** INPUT MATERIAL **

* * *

theorem proposition1:
  fixes \<Delta> :: "('a::finite, 's::finite) fpfa_trans" and q0 :: 's
    and \<phi> :: "('a \<times> 's) list set" and Obf :: "('a \<times> 's) list \<Rightarrow> 'o" and Obs :: "'o set"
  assumes "fpfa \<Delta>"
    and "\<phi> \<subseteq> CRun \<Delta> q0"
    and "Obf ` CRun \<Delta> q0 = Obs"
  shows "(0 \<le> PO_A \<Delta> q0 \<phi> Obf Obs \<and> PO_A \<Delta> q0 \<phi> Obf Obs \<le> 1 \<and>
          0 \<le> PO_S \<Delta> q0 \<phi> Obf Obs \<and> PO_S \<Delta> q0 \<phi> Obf Obs \<le> 1)
       \<and> (PO_A \<Delta> q0 \<phi> Obf Obs = 0 \<longleftrightarrow> opaque (unProb \<Delta> q0) \<phi> (unProb_obs Obf) Obs)
       \<and> (PO_S \<Delta> q0 \<phi> Obf Obs = 0 \<longleftrightarrow> sym_opaque (unProb \<Delta> q0) \<phi> (unProb_obs Obf) Obs)
       \<and> (PO_A \<Delta> q0 \<phi> Obf Obs = 1 \<longleftrightarrow> \<phi> = CRun \<Delta> q0)
       \<and> (PO_S \<Delta> q0 \<phi> Obf Obs = 1 \<longleftrightarrow>
            cond_entropy (Prob \<Delta> q0) (CRun \<Delta> q0) (indicator \<phi> :: ('a \<times> 's) list \<Rightarrow> real) Obf = 0)"
proof -
  let ?A = "{\<rho> \<in> CRun \<Delta> q0. preimg \<Delta> q0 Obf (Obf \<rho>) \<subseteq> \<phi>}"
  let ?B = "{\<rho> \<in> CRun \<Delta> q0.
    preimg \<Delta> q0 Obf (Obf \<rho>) \<subseteq> \<phi> \<or> preimg \<Delta> q0 Obf (Obf \<rho>) \<subseteq> CRun \<Delta> q0 - \<phi>}"
  have PO_A: "PO_A \<Delta> q0 \<phi> Obf Obs = Prob \<Delta> q0 ?A"
    using assms(3) by (rule PO_A_eq_Prob)
  have PO_S: "PO_S \<Delta> q0 \<phi> Obf Obs = Prob \<Delta> q0 ?B"
    using assms(3) by (rule PO_S_eq_Prob)
  have "0 \<le> PO_A \<Delta> q0 \<phi> Obf Obs \<and> PO_A \<Delta> q0 \<phi> Obf Obs \<le> 1 \<and>
      0 \<le> PO_S \<Delta> q0 \<phi> Obf Obs \<and> PO_S \<Delta> q0 \<phi> Obf Obs \<le> 1"
    unfolding PO_A PO_S by (simp add: Prob_nonneg Prob_le_1)
  moreover have "PO_A \<Delta> q0 \<phi> Obf Obs = 0 \<longleftrightarrow> opaque (unProb \<Delta> q0) \<phi> (unProb_obs Obf) Obs"
    unfolding PO_A Prob_eq_0_iff opaque_unProb_iff[OF assms(3)] by blast
  moreover have "PO_S \<Delta> q0 \<phi> Obf Obs = 0 \<longleftrightarrow> sym_opaque (unProb \<Delta> q0) \<phi> (unProb_obs Obf) Obs"
    unfolding PO_S Prob_eq_0_iff sym_opaque_unProb_iff[OF assms(3)] by blast
  moreover have "PO_A \<Delta> q0 \<phi> Obf Obs = 1 \<longleftrightarrow> \<phi> = CRun \<Delta> q0"
    unfolding PO_A Prob_eq_1_iff[OF assms(1)] using assms(2) by (auto simp: preimg_def)
  moreover have "PO_S \<Delta> q0 \<phi> Obf Obs = 1 \<longleftrightarrow>
      cond_entropy (Prob \<Delta> q0) (CRun \<Delta> q0) (indicator \<phi> :: ('a \<times> 's) list \<Rightarrow> real) Obf = 0"
    unfolding PO_S Prob_eq_1_iff[OF assms(1)] cond_entropy_indicator_eq_0_iff by blast
  ultimately show ?thesis by blast
qed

* * *

** WHAT TO WORK ON **
Every line above is to be duplicated exactly as shown.

** TASK SOLUTION **
theorem proposition1:
  fixes \<Delta> :: "('a::finite, 's::finite) fpfa_trans" and q0 :: 's
    and \<phi> :: "('a \<times> 's) list set" and Obf :: "('a \<times> 's) list \<Rightarrow> 'o" and Obs :: "'o set"
  assumes "fpfa \<Delta>"
    and "\<phi> \<subseteq> CRun \<Delta> q0"
    and "Obf ` CRun \<Delta> q0 = Obs"
  shows "(0 \<le> PO_A \<Delta> q0 \<phi> Obf Obs \<and> PO_A \<Delta> q0 \<phi> Obf Obs \<le> 1 \<and>
          0 \<le> PO_S \<Delta> q0 \<phi> Obf Obs \<and> PO_S \<Delta> q0 \<phi> Obf Obs \<le> 1)
       \<and> (PO_A \<Delta> q0 \<phi> Obf Obs = 0 \<longleftrightarrow> opaque (unProb \<Delta> q0) \<phi> (unProb_obs Obf) Obs)
       \<and> (PO_S \<Delta> q0 \<phi> Obf Obs = 0 \<longleftrightarrow> sym_opaque (unProb \<Delta> q0) \<phi> (unProb_obs Obf) Obs)
       \<and> (PO_A \<Delta> q0 \<phi> Obf Obs = 1 \<longleftrightarrow> \<phi> = CRun \<Delta> q0)
       \<and> (PO_S \<Delta> q0 \<phi> Obf Obs = 1 \<longleftrightarrow>
            cond_entropy (Prob \<Delta> q0) (CRun \<Delta> q0) (indicator \<phi> :: ('a \<times> 's) list \<Rightarrow> real) Obf = 0)"
proof -
  let ?A = "{\<rho> \<in> CRun \<Delta> q0. preimg \<Delta> q0 Obf (Obf \<rho>) \<subseteq> \<phi>}"
  let ?B = "{\<rho> \<in> CRun \<Delta> q0.
    preimg \<Delta> q0 Obf (Obf \<rho>) \<subseteq> \<phi> \<or> preimg \<Delta> q0 Obf (Obf \<rho>) \<subseteq> CRun \<Delta> q0 - \<phi>}"
  have PO_A: "PO_A \<Delta> q0 \<phi> Obf Obs = Prob \<Delta> q0 ?A"
    using assms(3) by (rule PO_A_eq_Prob)
  have PO_S: "PO_S \<Delta> q0 \<phi> Obf Obs = Prob \<Delta> q0 ?B"
    using assms(3) by (rule PO_S_eq_Prob)
  have "0 \<le> PO_A \<Delta> q0 \<phi> Obf Obs \<and> PO_A \<Delta> q0 \<phi> Obf Obs \<le> 1 \<and>
      0 \<le> PO_S \<Delta> q0 \<phi> Obf Obs \<and> PO_S \<Delta> q0 \<phi> Obf Obs \<le> 1"
    unfolding PO_A PO_S by (simp add: Prob_nonneg Prob_le_1)
  moreover have "PO_A \<Delta> q0 \<phi> Obf Obs = 0 \<longleftrightarrow> opaque (unProb \<Delta> q0) \<phi> (unProb_obs Obf) Obs"
    unfolding PO_A Prob_eq_0_iff opaque_unProb_iff[OF assms(3)] by blast
  moreover have "PO_S \<Delta> q0 \<phi> Obf Obs = 0 \<longleftrightarrow> sym_opaque (unProb \<Delta> q0) \<phi> (unProb_obs Obf) Obs"
    unfolding PO_S Prob_eq_0_iff sym_opaque_unProb_iff[OF assms(3)] by blast
  moreover have "PO_A \<Delta> q0 \<phi> Obf Obs = 1 \<longleftrightarrow> \<phi> = CRun \<Delta> q0"
    unfolding PO_A Prob_eq_1_iff[OF assms(1)] using assms(2) by (auto simp: preimg_def)
  moreover have "PO_S \<Delta> q0 \<phi> Obf Obs = 1 \<longleftrightarrow>
      cond_entropy (Prob \<Delta> q0) (CRun \<Delta> q0) (indicator \<phi> :: ('a \<times> 's) list \<Rightarrow> real) Obf = 0"
    unfolding PO_S Prob_eq_1_iff[OF assms(1)] cond_entropy_indicator_eq_0_iff by blast
  ultimately show ?thesis by blast
qed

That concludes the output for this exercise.